Hi abigail. Will need to know how old/ big the lizard is= growing is more food than adult. Also, if it hibernates, that's a few months off from food.


----------



## thatoneguy (Sep 30, 2015)

Mine is about 4 months, and can last a week or 2 with 2lbs of chicken hearts which cost like 2 bucks. 1lb of ground turkey usually last about a week, and I usually throw in some scrambled eggs too.

I don't feed crickets anymore but in the first 2 months was eating like 50 large crickets a week. Plus the chicken hearts or turkey. 
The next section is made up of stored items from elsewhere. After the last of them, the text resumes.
lemma hdisc_dil_exp_deriv:
  "((\<lambda>s. hdisc M (dil (exp (of_real s * e)) v) (of_real s * e)) has_vector_derivative 0) (at 0)"
proof -
  have "((\<lambda>s. \<chi> i. (1 - of_real s * e) ^ M i * (exp (of_real s * e) ^ M i * v $ i))
      has_vector_derivative (\<chi> i. 0)) (at 0)"
  proof (intro has_vector_derivative_vec_lambda)
    fix i
    have "((\<lambda>t. (1 - t * e) ^ M i * (exp (t * e) ^ M i * v $ i)) has_field_derivative 0) (at (of_real 0))"
      by (auto intro!: derivative_eq_intros simp: algebra_simps)
    then show "((\<lambda>s. (1 - of_real s * e) ^ M i * (exp (of_real s * e) ^ M i * v $ i))
        has_vector_derivative 0) (at 0)"
      by (rule has_vector_derivative_real_field)
  qed
  then show ?thesis
    by (simp add: hdisc_def dil_def zero_vec_def)
qed

lemma disc_map_deriv_twisted:
  assumes "(disc_map has_derivative D) (at (v, 0))"
  shows "D ((\<chi> i. of_nat (M i) * e * v $ i), e)
    = (0, jac_coeff (dz_coeff d) v * e + jac_coeff (dzbar_coeff d) v * cnj e)"
proof (rule has_derivative_along_curve[where \<Phi> = disc_map and \<Phi>' = D
      and \<gamma> = "\<lambda>s. (dil (exp (of_real s * e)) v, of_real s * e)"])
  show "(disc_map has_derivative D) (at (dil (exp (of_real 0 * e)) v, of_real 0 * e))"
    using assms by (simp add: dil_def vec_eq_iff)
  show "((\<lambda>s. (dil (exp (of_real s * e)) v, of_real s * e)) has_vector_derivative
      ((\<chi> i. of_nat (M i) * e * v $ i), e)) (at 0)"
    using has_vector_derivative_real_field[of "\<lambda>t. t * e" e 0]
    by (intro has_vector_derivative_Pair dil_exp_deriv) (auto intro!: derivative_eq_intros)
  show "(disc_map \<circ> (\<lambda>s. (dil (exp (of_real s * e)) v, of_real s * e)) has_vector_derivative
      (0, jac_coeff (dz_coeff d) v * e + jac_coeff (dzbar_coeff d) v * cnj e)) (at 0)"
    unfolding disc_map_def o_def fst_conv snd_conv
    by (intro has_vector_derivative_Pair hdisc_dil_exp_deriv gdisc_dil_exp_deriv)
qed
I really don't know if my tegus eats as much as others or not, and some days he eats a lot more then other days.


----------



## cihan yak (Oct 2, 2015)

Mine too. I wonder, how can my tegu go to hibernate? What can ı do for him? Temper or humidit etc.etc...


----------



## Tigger (Nov 5, 2015)

Mine eats like every other day, she's lil over 2 ft. N it's not ver costly for the food.. Hard boiled eggs, ground turkey( I put in med size meatballs), n freeze. N once a week give her that. The meat will last a while, a bunch of dif fruit. ( n u can do the same put in portion sizes n freeze). Mine does not eat fruit for some reason.. N I've tried a bunch of dif stuff.. Every 2/3 weeks a mouse ( after that she dnt eat for 2/3 days) they fill her..


----------



## Walter1 (Nov 5, 2015)

Mine eat f/t mice say 40%, and some organ meat, occasional raw chicken strips/tenders, wet high quality dog food also 40% and some misc. fruit. But then nothing as the dragons sleep through winter in the basement at about 58-62f.


----------